3. Classifying facts and opinions in twitter messages
In this section, we describe the design of a deep learning architecture that effectively combines BOW features and our hand-engineered features for classifying facts and opinions in Twitter messages. BOW features are essential in text classification (Joulin, Grave, Bojanowski, & Mikolov, Citation2016). Supplementing text information with manually engineered features may overcome the limitations of BOW features in classifying short texts. Thus, we use both types of features for classifying facts and opinions in Twitter messages.

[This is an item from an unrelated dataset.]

(* Let $d\ge 1$, $\boldsymbol{w}\in\mathbb{R}^d\setminus\{\boldsymbol{0}\}$, $b\in\mathbb{R}$, and let $C(\boldsymbol{x})=\mathbf{1}\{\boldsymbol{w}\cdot\boldsymbol{x}+b>0\}$ be the linear classifier. Let $\boldsymbol{\mu}_0\in\mathbb{R}^d$ be a unit vector, with sign chosen so that $\boldsymbol{w}\cdot\boldsymbol{\mu}_0\ge 0$. Let $\varepsilon>0$, $\delta\ge 0$. Put $\boldsymbol{v}_0=\boldsymbol{w}/\|\boldsymbol{w}\|$, let $\theta\in[0,\pi/2]$ be the angle with $\cos\theta=\boldsymbol{v}_0\cdot\boldsymbol{\mu}_0$, let $\boldsymbol{n}_0=\boldsymbol{n}/\|\boldsymbol{n}\|$ with $\boldsymbol{n}=\boldsymbol{v}_0-(\boldsymbol{v}_0\cdot\boldsymbol{\mu}_0)\boldsymbol{\mu}_0$ (if $\boldsymbol{n}=\boldsymbol{0}$, let $\boldsymbol{n}_0$ be any unit vector orthogonal to $\boldsymbol{\mu}_0$), so that $\boldsymbol{v}_0=\cos\theta\,\boldsymbol{\mu}_0+\sin\theta\,\boldsymbol{n}_0$. Let $\beta=\min(\varepsilon\cos\theta,\delta)$ and $\boldsymbol{u}_2=\beta\boldsymbol{\mu}_0+\sqrt{\varepsilon^2-\beta^2}\,\boldsymbol{n}_0$. Then $$\Omega_\varepsilon=\Omega(\varepsilon\boldsymbol{v}_0)\cup\Omega(-\varepsilon\boldsymbol{v}_0),\qquad \Omega_{\varepsilon,\delta}=\Omega(\boldsymbol{u}_2)\cup\Omega(-\boldsymbol{u}_2).$$
   Context: All norms are Euclidean ($\ell_2$). For $\boldsymbol{v}\in\mathbb{R}^d$, $\Omega(\boldsymbol{v})=\{\boldsymbol{x}\in\mathbb{R}^d: C(\boldsymbol{x}+\boldsymbol{v})\neq C(\boldsymbol{x})\}$. A point $\boldsymbol{x}'$ is an $\varepsilon$-adversarial example of $\boldsymbol{x}$ if $\|\boldsymbol{x}-\boldsymbol{x}'\|\le\varepsilon$ and $C(\boldsymbol{x})\ne C(\boldsymbol{x}')$; it is an $(\varepsilon,\delta)$-strong-adversarial example of $\boldsymbol{x}$ if moreover $|(\boldsymbol{x}-\boldsymbol{x}')\cdot\boldsymbol{\mu}_0|\le\delta$. $\Omega_\varepsilon$ is the set of $\boldsymbol{x}$ having an $\varepsilon$-adversarial example and $\Omega_{\varepsilon,\delta}$ the set of $\boldsymbol{x}$ having an $(\varepsilon,\delta)$-strong-adversarial example. ($\boldsymbol{\mu}_0$ plays the role of the "signal direction"; since the strong-adversarial condition is invariant under $\boldsymbol{\mu}_0\mapsto-\boldsymbol{\mu}_0$, its sign is fixed so that the angle $\theta$ lies in $[0,\pi/2]$.) *)

theory Defs
  imports "HOL-Analysis.Analysis"
begin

A normal approach for combining feature set would be to concatenate them before using a machine learning model. However, a BOW representation may contain thousands of features even for a small corpus. The number of manually engineered features is usually quite limited. Directly combining them may put too much weight on the BOW features thus diminish the effect of the manually engineered features. To address this issue, we propose a DNN that accepts each type of features separately and combines them in a hidden layer. In the following subsections, we describe the manually engineered features first and then present the deep learning model.
3.1. Twitter metadata
The challenge of short-text classification has driven us to explore features external to the text. Twitter provides a rich set of metadata or the contextual information about the posted message. The metadata contain information ranging from the user’s profile to the geographical location when the message was posted. Such information can be broadly categorised into four components, the tweet, the user, entities, and places. To overcome the noisy nature of social media data, some studies (e.g., Castillo, Mendoza, & Poblete, Citation2011; Diakopoulos, Citation2012; Sankaranarayanan, Samet, Teitler, Lieberman, & Sperling, Citation2009; Wang, Wang, Li, Abrahams, & Fan, Citation2014) have successfully demonstrated the effectiveness of metadata for a diverse set of objectives. In our study, we also leverage Twitter metadata for classifying facts and opinions.
3.2. Feature engineering
As aforementioned, classification of short-text messages is a challenging task if we only use textual information. Thus, we utilise on features based on both the text and the metadata for classifying facts and opinions. In machine learning, features are often either automatically learned and manually engineered based on expert knowledge or heuristics. In this subsection, we describe the features we manually engineered based on heuristics from analysing a developing corpus that is independent of our test bed. All of these features are binary-coded.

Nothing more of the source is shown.